Wednesday, January 31, 2007

a DIY guide

I've had some requests recently to learn how to knit, so I thought I'd put together a list of some of my favorite resources, especially those online. I think the best place to learn new techniques is Knitting Help, especially if just looking at pictures isn't enough: they have videos for nearly everything. I still go there! Learn to Knit has some good diagrams on the basic stitches, plus some articles about finding the right yarn for the project as well as some easy peasy patterns. My Craft Book has clear photos of just what you need to get started, plus the site is easy to navigate.

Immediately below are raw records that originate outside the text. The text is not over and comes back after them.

lemma stable_card_Int_copy_less:
  assumes kr: "kr_tree r Hs" and stable: "\<nexists>F'. bp_step r Hs F F'"
    and H: "H \<in> set Hs" and G: "G \<in> set Hs" and HG: "H \<inter> G = {y1, y2}" "y1 \<noteq> y2"
    and uninfected: "y1 \<notin> F" "y2 \<notin> F" and "G \<inter> F \<noteq> {}"
  shows "card (H \<inter> F) < r - 4"
proof (rule ccontr)
  assume "\<not> card (H \<inter> F) < r - 4"
  have fin: "finite (H \<inter> F)" "finite (G \<inter> F)"
    using kr_tree_finite_copy[OF kr] H G by auto
  have y1: "y1 \<in> tree_verts Hs"
    using H HG unfolding tree_verts_def by blast
  have "(H \<inter> F) \<union> (G \<inter> F) \<subseteq> {w \<in> F. tree_adj Hs y1 w}"
    using H G HG uninfected unfolding tree_adj_def by blast
  moreover have "finite {w \<in> F. tree_adj Hs y1 w}"
    using kr by (rule kr_tree_finite_neighbours)
  ultimately have "card ((H \<inter> F) \<union> (G \<inter> F)) < r - 2"
    using stable_card_infected_neighbours[OF stable y1 uninfected(1)] card_mono le_less_trans
    by blast
  moreover have "(H \<inter> F) \<inter> (G \<inter> F) = {}"
    using HG uninfected by auto
  moreover have "1 \<le> card (G \<inter> F)"
    using fin(2) \<open>G \<inter> F \<noteq> {}\<close> by (simp add: Suc_le_eq card_gt_0_iff)
  ultimately have counts: "card (H \<inter> F) = r - 4" "card (G \<inter> F) = 1"
    using card_Un_disjoint[OF fin] \<open>\<not> card (H \<inter> F) < r - 4\<close> by auto
  obtain i j where ij: "i < length Hs" "j < length Hs" "H = Hs ! i" "G = Hs ! j"
    using H G by (auto simp: in_set_conv_nth)
  moreover have "H \<noteq> G"
    using HG uninfected \<open>G \<inter> F \<noteq> {}\<close> by auto
  ultimately have "i \<noteq> j" by blast
  have edge: "{y1, y2} \<subseteq> H" "{y1, y2} \<subseteq> G"
    using HG by auto
  have "internal_edge Hs {y1, y2}"
    unfolding internal_edge_def doubleton_in_tree_edges_iff tree_adj_def
    using ij \<open>i \<noteq> j\<close> edge HG(2) H by blast
  then have "bp_step r Hs F (insert y1 F)"
    unfolding bp_step_def using stable_no_usual_step[OF stable] ij \<open>i \<noteq> j\<close> edge counts uninfected
    by blast
  with stable show False by blast
qed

But then what? Knitty is by far the best place for mostly cool and flattering patterns every season, plus they have a great section of articles and techniques, and their archives are easy to navigate. Magknits is also a great resource for free patterns. Now they publish once a month, which is pretty cool. I'm not a fan of their archives page though. As for the patterns that might not make it to these magazines, there's the Island of Misfit Patterns. I love pretty much everything that's on there, plus they can be a great way for a designer to get started. There's still tons of stuff out there, so Knitting Pattern Central keeps track of it in easy to navigate pages, helping you to find the perfect pattern for just about everything. Knitting on the Net is really great too, with a huge list of patterns and stitch patterns for when you want to make something up on the fly.

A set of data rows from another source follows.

(* A tree $T$ is skew-nontrivial (i.e., $\check T=T$) if and only if the distance between each pair of leaves of $T$ is even.
   Context: Skew forcing: vertices are colored blue or white; if any vertex $u$ (blue or white) has exactly one white neighbor $v$, then $u$ may force $v$ to become blue. The skew-nontrivial subgraph $\check G$ of a graph $G$ is obtained as follows: starting with no blue vertices, apply the skew forcing rule until no more forces are possible; then delete every blue vertex all of whose neighbors are blue, and delete every edge both of whose endpoints are blue. $G$ is skew-nontrivial if $\check G=G$. *)

theory Defs
  imports Main
begin

definition graph :: "'a set \<Rightarrow> ('a \<Rightarrow> 'a \<Rightarrow> bool) \<Rightarrow> bool" where
  "graph V E \<longleftrightarrow> finite V \<and> (\<forall>u v. E u v \<longrightarrow> u \<in> V \<and> v \<in> V)
     \<and> (\<forall>u v. E u v \<longrightarrow> E v u) \<and> (\<forall>u. \<not> E u u)"

definition walk :: "'a set \<Rightarrow> ('a \<Rightarrow> 'a \<Rightarrow> bool) \<Rightarrow> 'a list \<Rightarrow> bool" where
  "walk V E xs \<longleftrightarrow> xs \<noteq> [] \<and> set xs \<subseteq> V \<and> successively E xs"

definition connected_graph :: "'a set \<Rightarrow> ('a \<Rightarrow> 'a \<Rightarrow> bool) \<Rightarrow> bool" where
  "connected_graph V E \<longleftrightarrow>
     (\<forall>u\<in>V. \<forall>v\<in>V. \<exists>xs. walk V E xs \<and> hd xs = u \<and> last xs = v)"

definition is_cycle :: "'a set \<Rightarrow> ('a \<Rightarrow> 'a \<Rightarrow> bool) \<Rightarrow> 'a list \<Rightarrow> bool" where
  "is_cycle V E xs \<longleftrightarrow> walk V E xs \<and> distinct xs \<and> length xs \<ge> 3 \<and> E (last xs) (hd xs)"

definition tree :: "'a set \<Rightarrow> ('a \<Rightarrow> 'a \<Rightarrow> bool) \<Rightarrow> bool" where
  "tree V E \<longleftrightarrow> graph V E \<and> V \<noteq> {} \<and> connected_graph V E \<and> (\<nexists>xs. is_cycle V E xs)"

definition gdist :: "'a set \<Rightarrow> ('a \<Rightarrow> 'a \<Rightarrow> bool) \<Rightarrow> 'a \<Rightarrow> 'a \<Rightarrow> nat" where
  "gdist V E u v = (LEAST n. \<exists>xs. walk V E xs \<and> hd xs = u \<and> last xs = v \<and> length xs = Suc n)"

definition leaf :: "'a set \<Rightarrow> ('a \<Rightarrow> 'a \<Rightarrow> bool) \<Rightarrow> 'a \<Rightarrow> bool" where
  "leaf V E v \<longleftrightarrow> v \<in> V \<and> card {w \<in> V. E v w} = 1"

Okay, so now you know what to do and how to do it. If you want to pass on some kharma, there are tons of places you can help to put your knitting towards a good cause. I think Warm Up America is one of the easiest ways to get involved, all you have to do is knit squares! You can send them in or make it a community project and put together a whole blanket with your friends, then donate it to a shelter or other place in need. Project Linus is the same sort of idea, but specifically for children, which can be more interesting for you than squares, but easily accomplished too. If you're into scarves (whether you're still learning or in need of a break from more complicated projects), look into the Red Scarf Project, that sends care packages to former foster kids in college that don't have a home support system any more. If you want to think globally, check out the Dulaan Project that sends hats, gloves, mittens, sweaters, vests, really anything to needy families in poverty stricken Mongolia. They need all kinds of sizes, especially children's. And finally, if pets are your thing, Snuggles allows you to share your knitting with homeless animals.

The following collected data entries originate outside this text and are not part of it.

(* Let $\delta>0$. For UCBVI-CH run for $K$ episodes, with probability at least $1-\delta$, simultaneously for all $k\in[K]$, $h\in[H+1]$ and $x\in\mathcal S$, one has $V_{k,h}(x)\ge V^*_h(x)$.
   Context: Setting: a finite-horizon episodic MDP with finite state set $\mathcal S$ ($|\mathcal S|=S$), finite action set $\mathcal A$ ($|\mathcal A|=A$), unknown transitions $P(\cdot\mid x,a)$, known deterministic reward $R:\mathcal S\times\mathcal A\to[0,1]$, horizon $H$; episodes $k=1,\dots,K$ start from arbitrary $x_{k,1}$ and $x_{k,h+1}\sim P(\cdot\mid x_{k,h},a_{k,h})$. $V^*_h(x)=\sup_\pi\mathbb E\big[\sum_{j=h}^HR(x_j,\pi(x_j,j))\mid x_h=x\big]$, $V^*_{H+1}\equiv0$; $T=KH$. UCBVI: before episode $k$, from transitions of episodes $i<k$, $N_k(x,a,y)$ counts transitions $(x,a)\to y$, $N_k(x,a)=\sum_yN_k(x,a,y)$, $\widehat P_k(y\mid x,a)=N_k(x,a,y)/N_k(x,a)$ if $N_k(x,a)>0$. $V_{k,H+1}\equiv0$, $Q_{0,h}\equiv H$; for $h=H,\dots,1$: if $N_k(x,a)>0$, $Q_{k,h}(x,a)=\min\big(Q_{k-1,h}(x,a),H,R(x,a)+\sum_y\widehat P_k(y\mid x,a)V_{k,h+1}(y)+b_{k,h}(x,a)\big)$, else $Q_{k,h}(x,a)=H$; $V_{k,h}(x)=\max_aQ_{k,h}(x,a)$; actions are chosen greedily w.r.t. $Q_{k,h}$. UCBVI-CH uses $b_{k,h}(x,a)=7HL'/\sqrt{N_k(x,a)}$ with $L'=\ln(5SAT/\delta)$. *)

theory Defs
  imports "HOL-Probability.Probability_Mass_Function"
begin

(* A transition record (x, a, y): in state x, action a was taken, next state was y.
   An episode is the list of its H transitions; a history is the list of episodes so far
   (episode i is the i-th element, i = 1, 2, ...). *)
type_synonym ('s, 'a) trans = "'s \<times> 'a \<times> 's"

definition Ncnt :: "('s, 'a) trans list \<Rightarrow> 's \<Rightarrow> 'a \<Rightarrow> 's \<Rightarrow> nat" where
  "Ncnt D x a y = length (filter (\<lambda>t. t = (x, a, y)) D)"

definition Nsa :: "('s, 'a) trans list \<Rightarrow> 's \<Rightarrow> 'a \<Rightarrow> nat" where
  "Nsa D x a = length (filter (\<lambda>(x', a', y'). x' = x \<and> a' = a) D)"

definition Phat :: "('s, 'a) trans list \<Rightarrow> 's \<Rightarrow> 'a \<Rightarrow> 's \<Rightarrow> real" where
  "Phat D x a y = real (Ncnt D x a y) / real (Nsa D x a)"

(* One UCBVI backup at step h, given data D, previous-episode Q (Qp) and next-step value V;
   the bonus b is a function of N_k(x,a). *)
definition Qstep :: "('s \<Rightarrow> 'a \<Rightarrow> real) \<Rightarrow> nat \<Rightarrow> (nat \<Rightarrow> real) \<Rightarrow> ('s::finite, 'a) trans list
    \<Rightarrow> (nat \<Rightarrow> 's \<Rightarrow> 'a \<Rightarrow> real) \<Rightarrow> nat \<Rightarrow> ('s \<Rightarrow> real) \<Rightarrow> 's \<Rightarrow> 'a \<Rightarrow> real" where
  "Qstep R H b D Qp h V x a =
     (if Nsa D x a = 0 then real H
      else min (Qp h x a) (min (real H)
             (R x a + (\<Sum>y\<in>UNIV. Phat D x a y * V y) + b (Nsa D x a))))"

(* Vrem ... j x = V_{k,H+1-j}(x): value with j steps remaining (backward induction). *)
primrec Vrem :: "('s \<Rightarrow> 'a::finite \<Rightarrow> real) \<Rightarrow> nat \<Rightarrow> (nat \<Rightarrow> real) \<Rightarrow> ('s::finite, 'a) trans list
    \<Rightarrow> (nat \<Rightarrow> 's \<Rightarrow> 'a \<Rightarrow> real) \<Rightarrow> nat \<Rightarrow> 's \<Rightarrow> real" where
  "Vrem R H b D Qp 0 x = 0"
| "Vrem R H b D Qp (Suc j) x =
     Max (range (\<lambda>a. Qstep R H b D Qp (H - j) (Vrem R H b D Qp j) x a))"

(* Q_{k,h} computed from data D (episodes < k) and Qp = Q_{k-1,.} *)
definition Qnew :: "('s \<Rightarrow> 'a::finite \<Rightarrow> real) \<Rightarrow> nat \<Rightarrow> (nat \<Rightarrow> real) \<Rightarrow> ('s::finite, 'a) trans list
    \<Rightarrow> (nat \<Rightarrow> 's \<Rightarrow> 'a \<Rightarrow> real) \<Rightarrow> nat \<Rightarrow> 's \<Rightarrow> 'a \<Rightarrow> real" where
  "Qnew R H b D Qp h x a = Qstep R H b D Qp h (Vrem R H b D Qp (H - h)) x a"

These pictures are some of the most famous ones depicting knitting, and because I just turned in a huge art history paper and have art on my brain. Which, I suppose, isn't anything that new, but they're pretty and I don't have much progress of my own to share.

The first Stitch and Bitch meeting on my campus was tonight. I'm leading it this year, and needless to say, I was excited. Until nobody showed up. So I ended up watching Arrested Development with the hosts of the house and drinking a beer.